EXERCISE DIRECTIONS
Please find the lines in the entries below that contain the word "assumes", and copy each one.

(Dataset entries)
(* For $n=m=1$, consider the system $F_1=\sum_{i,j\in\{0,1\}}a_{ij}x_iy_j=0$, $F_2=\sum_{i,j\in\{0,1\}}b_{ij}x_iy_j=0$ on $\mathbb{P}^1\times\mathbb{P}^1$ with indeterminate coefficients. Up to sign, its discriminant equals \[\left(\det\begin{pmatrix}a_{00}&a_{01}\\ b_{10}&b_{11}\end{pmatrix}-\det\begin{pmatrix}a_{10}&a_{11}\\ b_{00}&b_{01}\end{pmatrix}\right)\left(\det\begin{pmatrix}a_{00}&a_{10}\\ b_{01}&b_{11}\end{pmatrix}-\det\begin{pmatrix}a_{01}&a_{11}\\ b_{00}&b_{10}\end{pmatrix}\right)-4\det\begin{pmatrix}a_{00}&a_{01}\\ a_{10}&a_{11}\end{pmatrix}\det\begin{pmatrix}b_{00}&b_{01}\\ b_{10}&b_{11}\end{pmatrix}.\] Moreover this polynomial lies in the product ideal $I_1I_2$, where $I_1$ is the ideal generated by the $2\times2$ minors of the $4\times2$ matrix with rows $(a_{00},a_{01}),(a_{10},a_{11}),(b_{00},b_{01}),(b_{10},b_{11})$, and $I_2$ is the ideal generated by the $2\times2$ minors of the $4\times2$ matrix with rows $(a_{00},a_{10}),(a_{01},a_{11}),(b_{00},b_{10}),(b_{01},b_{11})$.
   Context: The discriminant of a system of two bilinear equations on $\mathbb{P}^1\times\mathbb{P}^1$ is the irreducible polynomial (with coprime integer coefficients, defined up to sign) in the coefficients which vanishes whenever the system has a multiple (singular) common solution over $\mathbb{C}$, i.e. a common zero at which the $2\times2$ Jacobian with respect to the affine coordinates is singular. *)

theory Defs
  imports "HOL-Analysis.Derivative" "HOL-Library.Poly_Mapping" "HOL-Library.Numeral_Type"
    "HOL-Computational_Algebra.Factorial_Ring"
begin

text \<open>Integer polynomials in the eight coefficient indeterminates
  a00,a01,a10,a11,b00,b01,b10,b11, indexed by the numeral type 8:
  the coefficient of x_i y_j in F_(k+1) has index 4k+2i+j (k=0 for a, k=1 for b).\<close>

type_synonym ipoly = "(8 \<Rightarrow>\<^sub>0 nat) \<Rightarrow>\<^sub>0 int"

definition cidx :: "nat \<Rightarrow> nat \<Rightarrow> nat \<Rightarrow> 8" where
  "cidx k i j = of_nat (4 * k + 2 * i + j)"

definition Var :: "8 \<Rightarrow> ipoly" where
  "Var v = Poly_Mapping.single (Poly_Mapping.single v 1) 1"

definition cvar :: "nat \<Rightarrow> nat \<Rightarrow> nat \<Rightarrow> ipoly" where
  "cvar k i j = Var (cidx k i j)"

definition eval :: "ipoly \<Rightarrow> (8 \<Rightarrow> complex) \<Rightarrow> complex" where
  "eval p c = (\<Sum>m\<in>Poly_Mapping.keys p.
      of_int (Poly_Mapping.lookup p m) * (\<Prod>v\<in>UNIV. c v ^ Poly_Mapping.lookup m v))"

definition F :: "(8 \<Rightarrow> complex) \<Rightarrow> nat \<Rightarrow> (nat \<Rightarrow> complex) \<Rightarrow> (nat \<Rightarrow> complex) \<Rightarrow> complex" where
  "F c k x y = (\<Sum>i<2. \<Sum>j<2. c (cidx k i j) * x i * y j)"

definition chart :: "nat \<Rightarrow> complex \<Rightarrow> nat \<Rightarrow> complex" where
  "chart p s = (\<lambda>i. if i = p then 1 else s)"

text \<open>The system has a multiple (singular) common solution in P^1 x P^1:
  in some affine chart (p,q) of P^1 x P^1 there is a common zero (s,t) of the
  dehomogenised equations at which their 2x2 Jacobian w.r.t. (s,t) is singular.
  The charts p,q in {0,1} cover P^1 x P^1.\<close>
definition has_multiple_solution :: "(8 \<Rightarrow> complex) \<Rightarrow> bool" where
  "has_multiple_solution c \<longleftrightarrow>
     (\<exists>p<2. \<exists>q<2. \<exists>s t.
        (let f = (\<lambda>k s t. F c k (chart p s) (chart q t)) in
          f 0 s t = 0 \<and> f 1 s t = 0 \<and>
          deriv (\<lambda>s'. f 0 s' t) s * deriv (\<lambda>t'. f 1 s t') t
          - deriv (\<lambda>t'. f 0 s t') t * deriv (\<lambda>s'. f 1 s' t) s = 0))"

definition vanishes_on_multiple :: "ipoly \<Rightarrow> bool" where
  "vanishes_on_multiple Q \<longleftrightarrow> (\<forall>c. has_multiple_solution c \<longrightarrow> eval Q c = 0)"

---

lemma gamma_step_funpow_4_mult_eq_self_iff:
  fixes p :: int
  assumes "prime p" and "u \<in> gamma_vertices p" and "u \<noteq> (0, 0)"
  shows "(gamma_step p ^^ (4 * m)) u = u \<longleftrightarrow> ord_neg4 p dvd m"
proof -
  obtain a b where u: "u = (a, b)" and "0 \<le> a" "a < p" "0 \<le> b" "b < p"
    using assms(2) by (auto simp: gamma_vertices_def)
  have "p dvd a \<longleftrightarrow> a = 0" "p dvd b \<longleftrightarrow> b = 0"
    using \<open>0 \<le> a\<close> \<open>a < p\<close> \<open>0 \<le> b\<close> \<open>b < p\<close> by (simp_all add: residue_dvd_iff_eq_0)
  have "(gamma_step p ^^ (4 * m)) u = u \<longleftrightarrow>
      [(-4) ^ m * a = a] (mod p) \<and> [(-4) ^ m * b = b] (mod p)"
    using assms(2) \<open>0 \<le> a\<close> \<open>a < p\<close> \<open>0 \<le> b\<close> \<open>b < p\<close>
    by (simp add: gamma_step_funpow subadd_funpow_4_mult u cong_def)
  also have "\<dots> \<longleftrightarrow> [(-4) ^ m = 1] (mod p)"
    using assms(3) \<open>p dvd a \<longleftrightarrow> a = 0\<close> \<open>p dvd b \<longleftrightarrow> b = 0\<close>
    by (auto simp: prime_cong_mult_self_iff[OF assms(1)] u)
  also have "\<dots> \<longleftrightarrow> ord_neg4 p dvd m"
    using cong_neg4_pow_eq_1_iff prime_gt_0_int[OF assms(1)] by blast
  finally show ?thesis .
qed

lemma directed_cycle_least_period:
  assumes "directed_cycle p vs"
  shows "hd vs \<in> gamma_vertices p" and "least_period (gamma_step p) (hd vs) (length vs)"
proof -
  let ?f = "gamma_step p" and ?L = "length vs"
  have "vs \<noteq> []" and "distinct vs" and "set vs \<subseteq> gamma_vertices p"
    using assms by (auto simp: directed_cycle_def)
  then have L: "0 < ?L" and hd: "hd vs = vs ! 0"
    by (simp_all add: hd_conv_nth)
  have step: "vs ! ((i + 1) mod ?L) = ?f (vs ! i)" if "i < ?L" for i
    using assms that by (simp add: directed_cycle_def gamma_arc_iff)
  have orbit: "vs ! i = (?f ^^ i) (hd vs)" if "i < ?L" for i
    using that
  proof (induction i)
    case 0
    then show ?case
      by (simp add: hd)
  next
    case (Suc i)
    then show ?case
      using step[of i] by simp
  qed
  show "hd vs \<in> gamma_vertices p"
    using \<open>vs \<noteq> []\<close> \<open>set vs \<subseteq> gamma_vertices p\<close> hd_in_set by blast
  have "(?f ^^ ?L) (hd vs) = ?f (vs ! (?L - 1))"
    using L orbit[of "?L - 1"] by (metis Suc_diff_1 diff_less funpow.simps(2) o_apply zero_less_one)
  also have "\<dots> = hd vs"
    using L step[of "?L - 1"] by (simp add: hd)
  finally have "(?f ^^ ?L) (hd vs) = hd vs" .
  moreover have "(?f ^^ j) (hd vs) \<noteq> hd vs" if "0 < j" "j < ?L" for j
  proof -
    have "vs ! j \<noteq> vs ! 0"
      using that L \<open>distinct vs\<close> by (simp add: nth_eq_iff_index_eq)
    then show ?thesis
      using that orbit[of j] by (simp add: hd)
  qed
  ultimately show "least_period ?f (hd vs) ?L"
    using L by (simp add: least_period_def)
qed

SOLUTION BELOW
  assumes "prime p" and "u \<in> gamma_vertices p" and "u \<noteq> (0, 0)"
  assumes "directed_cycle p vs"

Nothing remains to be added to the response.